[TASK INSTRUCTIONS] Where the line with "matrix transports it" appears below, start writing out lines exactly, and finish with the line with "int \<Rightarrow> real", which is included; write out nothing else.

** RECORDS follows **

text \<open>By Dirichlet approximation every value of mu_n is at least 1/2. Given a value of
  mu_n(x, y), replace a nearly optimal (s, t) by a primitive vector and complete it to a matrix
  in SL2(Z); the Moebius change of variables turns mu_n into a supremum with the weight
  gcd(s c + t d, n), evaluated at a pair (e, e') with 0 \<le> e < 1, for which (1, 0) is nearly
  optimal, so that \<bar>e - e'\<bar> is bounded by the value. For values converging to l, pass to a
  subsequence on which (c, d) is constant modulo n and (e, e') converges. The supremum is lower
  semicontinuous and its (1, 0)-term is continuous, so the limit pair realises l, and the
  matrix transports it back to a pair realising l for mu_n.\<close>

text \<open>Pulling mu_n back along a Moebius map with bottom row (c, d) transforms (s, t)
  contragrediently and turns the weight gcd(t, n) into gcd(s c + t d, n); see mu_moebius.\<close>
definition twisted_mu_term :: "nat \<Rightarrow> int \<Rightarrow> int \<Rightarrow> real \<Rightarrow> real \<Rightarrow> int \<Rightarrow> int \<Rightarrow> ereal" where
  "twisted_mu_term n c d x y s t =
     (let D = \<bar>real_of_int s - real_of_int t * x\<bar> * \<bar>real_of_int s - real_of_int t * y\<bar>
      in if D = 0 then \<infinity>
         else ereal (real_of_int (gcd (s * c + t * d) (int n)) * \<bar>x - y\<bar> / D))"
text \<open>State 1 sweeps right and, at the right end-marker, starts the return to
  level 0. State 2 + j (j < T) is the fair random walk of level j: at the left end-marker it
  fails and falls back to state 1, at the right end-marker it climbs to level j + 1, or halts
  if j = T - 1. State 2 + T + j sweeps left and starts the walk of level j on cell 1. States
  2 + 2T + D, ..., 2 + 2T + 1 form the initial delay, and 2 + 2T enters level 0.\<close>
definition ladder_delta :: "nat \<Rightarrow> nat \<Rightarrow> nat \<Rightarrow> 'a tsym \<Rightarrow> bool \<Rightarrow> nat \<times> int" where
  "ladder_delta T D q s b =
    (if q = 1 then (if s = REnd then (2 + T, -1) else (1, 1))
     else if 2 \<le> q \<and> q < 2 + T then
       (if s = LEnd then (1, 1)
        else if s = REnd then (if q + 1 = 2 + T then (0, 0) else (q + T + 1, -1))
        else (q, if b then 1 else -1))
     else if 2 + T \<le> q \<and> q < 2 + 2 * T then (if s = LEnd then (q - T, 1) else (q, -1))
     else if 2 + 2 * T \<le> q \<and> q \<le> 2 + 2 * T + D then
       (if q = 2 + 2 * T then (2 + T, 0) else (q - 1, 0))
     else (0, 0))"

definition ladder_pfa :: "nat \<Rightarrow> nat \<Rightarrow> 'a pfa" where
  "ladder_pfa T D =
     \<lparr>states = {0..2 + 2 * T + D}, init = 2 + 2 * T + D, halting = {0}, delta = ladder_delta T D\<rparr>"
(* Let $\mathfrak{A}$ be an architecture with $|\mathsf{Procs}|=1$ and $\mathsf{DS}=\mathsf{Stacks}$, and let $\Sigma$ be a finite alphabet. For all $k>0$, there is a sentence $\Phi^k_{\mathsf{context}}\in\mathsf{CPDL}(\mathfrak{A},\Sigma)$ of size $\mathcal{O}(k|\mathsf{DS}|^2)$ such that for every CBM $\mathcal{M}$ over $\mathfrak{A}$ and $\Sigma$, $\mathcal{M}\models\Phi^k_{\mathsf{context}}$ if and only if $\mathcal{M}\in\mathsf{Context}_k$.
   Context: With one process $p$ and only stacks $d\in\mathsf{DS}$ (each with $\mathsf{Writer}(d)=\mathsf{Reader}(d)=p$), a CBM (multiply nested word) over $\mathfrak{A},\Sigma$ is $\mathcal{M}=(a_1\cdots a_n,(\rhd^d)_{d\in\mathsf{DS}})$ with events $\mathcal{E}=\{1,\dots,n\}$, labels $\lambda(i)=a_i$, process successor $i\to i+1$, and $\rhd^d\subseteq\mathcal{E}^2$ such that distinct edges (over all $d$) have four distinct endpoints, $<=(\to\cup\bigcup_d\rhd^d)^+$ is a strict partial order (so every edge goes forward), and each stack is LIFO: $e_1\rhd^d f_1$, $e_2\rhd^d f_2$, $e_1<e_2<f_1$ imply $f_2<f_1$. A context of $\mathcal{M}$ is a possibly empty interval $I=\{e,e+1,\dots,f\}\subseteq\mathcal{E}$ such that whenever $(i,j)\in\rhd^d$ and $(i',j')\in\rhd^{d'}$ with $I\cap\{i,j\}\ne\emptyset$ and $I\cap\{i',j'\}\ne\emptyset$, then $d=d'$. $\mathcal{M}$ is $k$-context-bounded if $\mathcal{E}=I_1\cup\dots\cup I_k$ for some contexts $I_1,\dots,I_k$; $\mathsf{Context}_k$ is the set of $k$-context-bounded CBMs. $\mathsf{CPDL}(\mathfrak{A},\Sigma)$ has atomic propositions $\mathsf{Procs}\cup\Sigma$ and atomic programs $\{\to\}\cup\mathsf{DS}$: sentences $\Phi::=\mathsf{E}\sigma\mid\Phi\vee\Phi\mid\neg\Phi$; state formulas $\sigma::=q\mid\sigma\vee\sigma\mid\neg\sigma\mid\langle\pi\rangle\sigma$; path formulas $\pi::=\gamma\mid\mathsf{test}(\sigma)\mid\pi+\pi\mid\pi\cdot\pi\mid\pi^*\mid\pi^{-1}$. Over a CBM, $q$ holds at $e$ iff $q$ is $\lambda(e)$ or the process of $e$; $\to$ denotes process successor and $d$ denotes $\rhd^d$; $\langle\pi\rangle\sigma$ holds at $e$ iff some $f$ with $(e,f)\in[\![\pi]\!]$ satisfies $\sigma$; $\mathsf{test}(\sigma)$ is the identity on $[\![\sigma]\!]$; $+,\cdot,^*,^{-1}$ are union, composition, reflexive-transitive closure and converse; $\mathsf{E}\sigma$ holds iff some event satisfies $\sigma$. Size is formula length. *)

theory Defs
  imports Main
begin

** End of RECORDS **

[TASK OUTPUT]
  matrix transports it back to a pair realising l for mu_n.\<close>

text \<open>Pulling mu_n back along a Moebius map with bottom row (c, d) transforms (s, t)
  contragrediently and turns the weight gcd(t, n) into gcd(s c + t d, n); see mu_moebius.\<close>
definition twisted_mu_term :: "nat \<Rightarrow> int \<Rightarrow> int \<Rightarrow> real \<Rightarrow> real \<Rightarrow> int \<Rightarrow> int \<Rightarrow> ereal" where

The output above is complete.